Dental Stem Cells for Retinal Cell Regeneration
Multiple groups have shown that dental pulp stem cells have an affinity to differentiate into mature neuronal cells both in vitro and in vivo [28–30]. This characteristic is attributed to the neural crest origins of these cells, since the neural crest gives rise to the nerves of the peripheral nervous system [28]. Under appropriate in vitro conditions, DPSC develop the characteristic stellate neuronal morphology, express neuronal markers at both the gene and protein levels, and produce voltage-dependent current similar to mature neurons [28, 30]. Furthermore, in vivo, neuronally- differentiated DPSC maintained their neuronal phenotype and integrate into brain tissue after transplantation [28, 29]. Because of these capabilities, researchers are investigating the capacity of DPSC to differentiate into retinal neurons.
A recent study has shown that human DPSC cultured with conditioned media from rat retinal explants differentiated into retinal neurons [31]. Conditioned medium was collected from cultures of normal rat retinal explants or explants treated with N-methyl-N-nitrosourea (MNU), which chemically damages the retina by inducing apoptosis of the photoreceptor cells. Researchers found that DPSC adopt a neuronal cell morphology when cultured with either normal or damaged retinal explant conditioned medium [31]. However, DPSC only expressed rhodopsin after being cultured with conditioned medium from damaged retinal explants [31]. This shows promising data that DPSC have the capacity to differentiate into retinal neuron-like cells, and damaged retinal cells secrete signals to induce this differentiation. Elucidating the specific signals necessary to induce retinal cell differentiation from DPSCs would be additionally powerful and allow for the development of an efficient mechanism to develop a cellular therapy to treat retinal disorders.
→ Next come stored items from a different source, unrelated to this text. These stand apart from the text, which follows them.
(* Let $G=(\mathcal{V},\mathcal{E})$, the corrupt set $\mathcal{V}_c$, and the other graph notation be as in the context, and assume every honest node has at least one corrupt neighbour. Let $p$ be an integer larger than any possible value of $\sum_{j\in\mathcal{V}}S_j$, and let the private data $S_1,\dots,S_n$ be mutually independent random variables with values in $\{0,\dots,p-1\}$. For every ordered pair $(i,j)$ with $j\in\mathcal{N}_i$ let $R_i^j$ be uniform on $\mathbb{Z}_p$, all these mutually independent and independent of $(S_1,\dots,S_n)$; set $R_i^i=S_i-\sum_{j\in\mathcal{N}_i}R_i^j\bmod p$ and $$S_i'=R_i^i+\textstyle\sum_{j\in\mathcal{N}_i}R_j^i \bmod p\ \in\{0,\dots,p-1\}.$$ Run the following iteration with inputs $S_i'$ (viewed as real numbers), constants $c>0$, $\theta\in[0,1)$, and initialization $z_{i|j}^{(0)}=0$: for $t\ge 0$, $$x_i^{(t+1)}=\frac{S_i'-\sum_{j\in\mathcal{N}_i}B_{i|j}z_{i|j}^{(t)}}{1+c\,d_i},\qquad z_{j|i}^{(t+1)}=\theta z_{j|i}^{(t)}+(1-\theta)\big(z_{i|j}^{(t)}+2cB_{i|j}x_i^{(t+1)}\big)\ \ (j\in\mathcal{N}_i).$$ Let the adversary's view be $\mathcal{O}=\{S_j\}_{j\in\mathcal{V}_c}\cup\{R_j^k,R_k^j\}_{\{j,k\}\in\mathcal{E}_c}\cup\{X^{(t)}\}_{t\ge1}$, where $X^{(t)}=(x_1^{(t)},\dots,x_n^{(t)})$. Then for every honest node $i\in\mathcal{V}_h$, $$\mathrm{I}(S_i;\mathcal{O})=\mathrm{I}\Big(S_i;\ \textstyle\sum_{j\in\mathcal{V}_{h,1}}S_j\Big).$$
   Context: $G=(\mathcal{V},\mathcal{E})$ is a connected undirected graph, $\mathcal{V}=\{1,\dots,n\}$, $\mathcal{N}_i$ the neighbours of $i$, $d_i=|\mathcal{N}_i|$. For an edge $\{i,j\}$ with $i<j$: $B_{i|j}=1$, $B_{j|i}=-1$. $\mathcal{V}_c\subseteq\mathcal{V}$ is the set of corrupt nodes, $\mathcal{V}_h=\mathcal{V}\setminus\mathcal{V}_c$ the honest nodes, $\mathcal{E}_h$ the edges with both endpoints honest, $\mathcal{E}_c=\mathcal{E}\setminus\mathcal{E}_h$, $G_h=(\mathcal{V}_h,\mathcal{E}_h)$, and $\mathcal{V}_{h,1}$ is the vertex set of the connected component of $G_h$ containing the considered honest node $i$. $\mathrm{I}$ denotes mutual information. *)

theory Defs
  imports "HOL-Probability.Probability"
begin

definition nbrs :: "nat set set \<Rightarrow> nat \<Rightarrow> nat set" where
  "nbrs E i = {j. {i, j} \<in> E}"

definition adj :: "nat set set \<Rightarrow> (nat \<times> nat) set" where
  "adj E = {(i, j). {i, j} \<in> E}"

definition simple_graph :: "nat \<Rightarrow> nat set set \<Rightarrow> bool" where
  "simple_graph n E \<longleftrightarrow> (\<forall>e\<in>E. \<exists>i j. e = {i, j} \<and> i \<noteq> j \<and> i \<in> {1..n} \<and> j \<in> {1..n})"

definition connected_graph :: "nat \<Rightarrow> nat set set \<Rightarrow> bool" where
  "connected_graph n E \<longleftrightarrow> (\<forall>i\<in>{1..n}. \<forall>j\<in>{1..n}. (i, j) \<in> (adj E)\<^sup>*)"
(* Let $\mathcal{M}_{EL}=(W,(R_i)_{i\in\mathbf{A}},V)$ be an EL model and let $\mathcal{M}^\alpha_{AK}$ be its induced AK model. Then for every world $w\in W$, every EL formula $\varphi$ and every $i\in\mathbf{A}$: $\mathcal{M}_{EL},w\models\varphi$ if and only if $\mathcal{M}^\alpha_{AK},(i,w)\models T(\varphi)$.
   Context: Epistemic logic: disjoint sets $\mathbf{Prop}$, $\mathbf{A}$; formulas $\varphi ::= p \mid \neg\varphi \mid \varphi\land\varphi \mid K_i\varphi$; EL models $(W,(R_i)_{i\in\mathbf{A}},V)$ with $W\neq\emptyset$, $R_i\subseteq W\times W$, $V:\mathbf{Prop}\to\mathcal{P}(W)$; $w\models p$ iff $w\in V(p)$, Booleans as usual, $w\models K_i\varphi$ iff $v\models\varphi$ for all $v$ with $wR_iv$. Agent-knowledge logic: pairwise disjoint sets $\mathbf{Prop}_A,\mathbf{Prop}_K,\mathbf{Nom}_A,\mathbf{Nom}_K$; formulas $\varphi ::= p_A \mid p_K \mid a \mid k \mid \neg\varphi \mid \varphi\land\varphi \mid \Box_A\varphi \mid \Box_K\varphi \mid @_a\varphi \mid @_k\varphi$. AK models $(W_A, W_K, (R_y)_{y \in W_K}, (S_x)_{x \in W_A}, V)$: $W_A,W_K$ non-empty, $R_y\subseteq W_A\times W_A$, $S_x\subseteq W_K\times W_K$, $V$ sends $\mathbf{Prop}_A\cup\mathbf{Nom}_A$ to subsets of $W_A$ and $\mathbf{Prop}_K\cup\mathbf{Nom}_K$ to subsets of $W_K$, with $V(a)=\{a^V\}$, $V(k)=\{k^V\}$ singletons for nominals. Satisfaction at $(x,y)$: $p_A$ iff $x\in V(p_A)$; $p_K$ iff $y\in V(p_K)$; $a$ iff $x=a^V$; $k$ iff $y=k^V$; Booleans as usual; $\Box_A\varphi$ iff $(x',y)\models\varphi$ for all $x'$ with $xR_yx'$; $\Box_K\varphi$ iff $(x,y')\models\varphi$ for all $y'$ with $yS_xy'$; $@_a\varphi$ iff $(a^V,y)\models\varphi$; $@_k\varphi$ iff $(x,k^V)\models\varphi$. Translation $T$: bijections $\mathbf{Prop}\to\mathbf{Prop}_K$ and $\mathbf{A}\to\mathbf{Nom}_A$, $T(\neg\varphi)=\neg T(\varphi)$, $T(\varphi\land\psi)=T(\varphi)\land T(\psi)$, $T(K_i\varphi)=@_{T(i)}\Box_KT(\varphi)$. Induced AK model: given the EL model, fix some $y_0\in W$; $\mathcal{M}^\alpha_{AK}=(W_A,W_K,(R'_y)_{y\in W_K},(S_x)_{x\in W_A},V^\alpha)$ with $W_A=\mathbf{A}$, $W_K=W$, $R'_y=\emptyset$ for all $y$, $S_i=R_i$ for each $i\in\mathbf{A}$, $V^\alpha(p_A)=\emptyset$ for $p_A\in\mathbf{Prop}_A$, $V^\alpha(p_K)=V(T^{-1}(p_K))$ for $p_K\in\mathbf{Prop}_K$, $V^\alpha(a)=\{T^{-1}(a)\}$ for $a\in\mathbf{Nom}_A$, and $V^\alpha(k)=\{y_0\}$ for $k\in\mathbf{Nom}_K$. *)

theory Defs
  imports Main
begin

datatype ('p, 'i) el_form =
    EProp 'p
  | ENot "('p, 'i) el_form"
  | EAnd "('p, 'i) el_form" "('p, 'i) el_form"
  | EK 'i "('p, 'i) el_form"

record ('w, 'i, 'p) el_model =
  ElW :: "'w set"
  ElR :: "'i \<Rightarrow> ('w \<times> 'w) set"
  ElV :: "'p \<Rightarrow> 'w set"

definition el_model :: "('w, 'i, 'p) el_model \<Rightarrow> bool" where
  "el_model M \<longleftrightarrow> ElW M \<noteq> {} \<and> (\<forall>i. ElR M i \<subseteq> ElW M \<times> ElW M)
     \<and> (\<forall>p. ElV M p \<subseteq> ElW M)"

fun el_sat :: "('w, 'i, 'p) el_model \<Rightarrow> 'w \<Rightarrow> ('p, 'i) el_form \<Rightarrow> bool" where
  "el_sat M w (EProp p) \<longleftrightarrow> w \<in> ElV M p"
| "el_sat M w (ENot \<phi>) \<longleftrightarrow> \<not> el_sat M w \<phi>"
| "el_sat M w (EAnd \<phi> \<psi>) \<longleftrightarrow> el_sat M w \<phi> \<and> el_sat M w \<psi>"
| "el_sat M w (EK i \<phi>) \<longleftrightarrow> (\<forall>v. (w, v) \<in> ElR M i \<longrightarrow> el_sat M v \<phi>)"

datatype ('pa, 'pk, 'na, 'nk) ak_form =
    APropA 'pa
  | APropK 'pk
  | ANomA 'na
  | ANomK 'nk
  | ANot "('pa, 'pk, 'na, 'nk) ak_form"
  | AAnd "('pa, 'pk, 'na, 'nk) ak_form" "('pa, 'pk, 'na, 'nk) ak_form"
  | ABoxA "('pa, 'pk, 'na, 'nk) ak_form"
  | ABoxK "('pa, 'pk, 'na, 'nk) ak_form"
  | AAtA 'na "('pa, 'pk, 'na, 'nk) ak_form"
  | AAtK 'nk "('pa, 'pk, 'na, 'nk) ak_form"

text \<open>AK model. Nominals are valued by singletons; we record the unique element:
  V(a) = {AkNomA M a}, V(k) = {AkNomK M k}.\<close>
record ('x, 'y, 'pa, 'pk, 'na, 'nk) ak_model =
  AkWA :: "'x set"
  AkWK :: "'y set"
  AkR :: "'y \<Rightarrow> ('x \<times> 'x) set"
  AkS :: "'x \<Rightarrow> ('y \<times> 'y) set"
  AkVA :: "'pa \<Rightarrow> 'x set"
  AkVK :: "'pk \<Rightarrow> 'y set"
  AkNomA :: "'na \<Rightarrow> 'x"
  AkNomK :: "'nk \<Rightarrow> 'y"

fun ak_sat :: "('x, 'y, 'pa, 'pk, 'na, 'nk) ak_model \<Rightarrow> 'x \<Rightarrow> 'y
                 \<Rightarrow> ('pa, 'pk, 'na, 'nk) ak_form \<Rightarrow> bool" where
  "ak_sat M x y (APropA p) \<longleftrightarrow> x \<in> AkVA M p"
| "ak_sat M x y (APropK p) \<longleftrightarrow> y \<in> AkVK M p"
| "ak_sat M x y (ANomA a) \<longleftrightarrow> x = AkNomA M a"
| "ak_sat M x y (ANomK k) \<longleftrightarrow> y = AkNomK M k"
| "ak_sat M x y (ANot \<phi>) \<longleftrightarrow> \<not> ak_sat M x y \<phi>"
| "ak_sat M x y (AAnd \<phi> \<psi>) \<longleftrightarrow> ak_sat M x y \<phi> \<and> ak_sat M x y \<psi>"
| "ak_sat M x y (ABoxA \<phi>) \<longleftrightarrow> (\<forall>x'. (x, x') \<in> AkR M y \<longrightarrow> ak_sat M x' y \<phi>)"
| "ak_sat M x y (ABoxK \<phi>) \<longleftrightarrow> (\<forall>y'. (y, y') \<in> AkS M x \<longrightarrow> ak_sat M x y' \<phi>)"
| "ak_sat M x y (AAtA a \<phi>) \<longleftrightarrow> ak_sat M (AkNomA M a) y \<phi>"
| "ak_sat M x y (AAtK k \<phi>) \<longleftrightarrow> ak_sat M x (AkNomK M k) \<phi>"

text \<open>tp : Prop \<rightarrow> Prop_K and ta : A \<rightarrow> Nom_A are the fixed bijections.\<close>
fun transl :: "('p \<Rightarrow> 'pk) \<Rightarrow> ('i \<Rightarrow> 'na) \<Rightarrow> ('p, 'i) el_form \<Rightarrow> ('pa, 'pk, 'na, 'nk) ak_form" where
  "transl tp ta (EProp p) = APropK (tp p)"
| "transl tp ta (ENot \<phi>) = ANot (transl tp ta \<phi>)"
| "transl tp ta (EAnd \<phi> \<psi>) = AAnd (transl tp ta \<phi>) (transl tp ta \<psi>)"
| "transl tp ta (EK i \<phi>) = AAtA (ta i) (ABoxK (transl tp ta \<phi>))"

text \<open>Induced AK model; the set of agents is the whole type 'i.\<close>
definition induced_ak :: "('w, 'i, 'p) el_model \<Rightarrow> ('p \<Rightarrow> 'pk) \<Rightarrow> ('i \<Rightarrow> 'na) \<Rightarrow> 'w
     \<Rightarrow> ('i, 'w, 'pa, 'pk, 'na, 'nk) ak_model" where
  "induced_ak M tp ta y0 =
     \<lparr> AkWA = UNIV, AkWK = ElW M, AkR = (\<lambda>y. {}), AkS = (\<lambda>i. ElR M i),
       AkVA = (\<lambda>p. {}), AkVK = (\<lambda>pk. ElV M (inv tp pk)),
       AkNomA = (\<lambda>a. inv ta a), AkNomK = (\<lambda>k. y0) \<rparr>"

end

theory Submission
  imports Defs
begin

text \<open>The agent coordinate of the evaluation point is irrelevant for translated formulas:
  it is only consulted by \<open>\<box>\<^sub>K\<close>, and every \<open>\<box>\<^sub>K\<close> in \<open>T(\<phi>)\<close> sits directly under \<open>@\<^bsub>T(i)\<^esub>\<close>,
  which resets it to the agent \<open>i\<close> whose relation \<open>S\<^sub>i = R\<^sub>i\<close> then interprets \<open>K\<^sub>i\<close>.\<close>

lemma induced_ak_simps [simp]:
  "AkS (induced_ak M tp ta y0) i = ElR M i"
  "AkVK (induced_ak M tp ta y0) pk = ElV M (inv tp pk)"
  "AkNomA (induced_ak M tp ta y0) a = inv ta a"
  by (simp_all add: induced_ak_def)

lemma ak_sat_induced_transl_iff:
  assumes "inj tp" and "inj ta"
  shows "ak_sat (induced_ak M tp ta y0) i w (transl tp ta \<phi>) \<longleftrightarrow> el_sat M w \<phi>"
  using assms by (induction \<phi> arbitrary: i w) simp_all

theorem mainTheorem3:
  fixes M :: "('w, 'i, 'p) el_model"
    and tp :: "'p \<Rightarrow> 'pk" and ta :: "'i \<Rightarrow> 'na" and y0 :: 'w
  assumes "el_model M"
    and "bij tp" and "bij ta"
    and "y0 \<in> ElW M"
    and "w \<in> ElW M"
  shows "el_sat M w \<phi> \<longleftrightarrow>
         ak_sat (induced_ak M tp ta y0 :: ('i, 'w, 'pa, 'pk, 'na, 'nk) ak_model) i w (transl tp ta \<phi>)"
  using \<open>bij tp\<close> \<open>bij ta\<close> by (simp add: ak_sat_induced_transl_iff bij_is_inj)

end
Similar to DPSC, periodontal ligament stem cells (PDLSC) are able to differentiate down neuronal lineages [32], and this also is attributed to the neural crest origins of this tissue. Research is now also emerging on the use of PDLSC for retinal cell differentiation [33]. To induce differentiation, PDLSCs were first cultured as neuorospheres and then plated on Matrigel-coated dishes in differentiation medium containing Noggin and Dkk-1, inhibitors of the bone morphogenic protein and Wnt/β-catenin pathways, respectively [33]. Antagonizing these pathways mimicked developmental processes necessary for anterior neural plate formation and retinogenesis. Differentiated PDLSCs expressed genes and proteins characteristic of retinal fate induction such as Pax6 and Rx, and markers of photoreceptors such as rhodopsin and Nrl [33]. This study shows promising data on the potential use of PDLSCs for retinal cell regeneration. Additional animal studies showing the in vivo behavior of these differentiated PDLSCs such as cell integration into retinal structures and cell functionality would provide further support on the potential use of PDLSCs for regeneration therapies to treat retinopathies.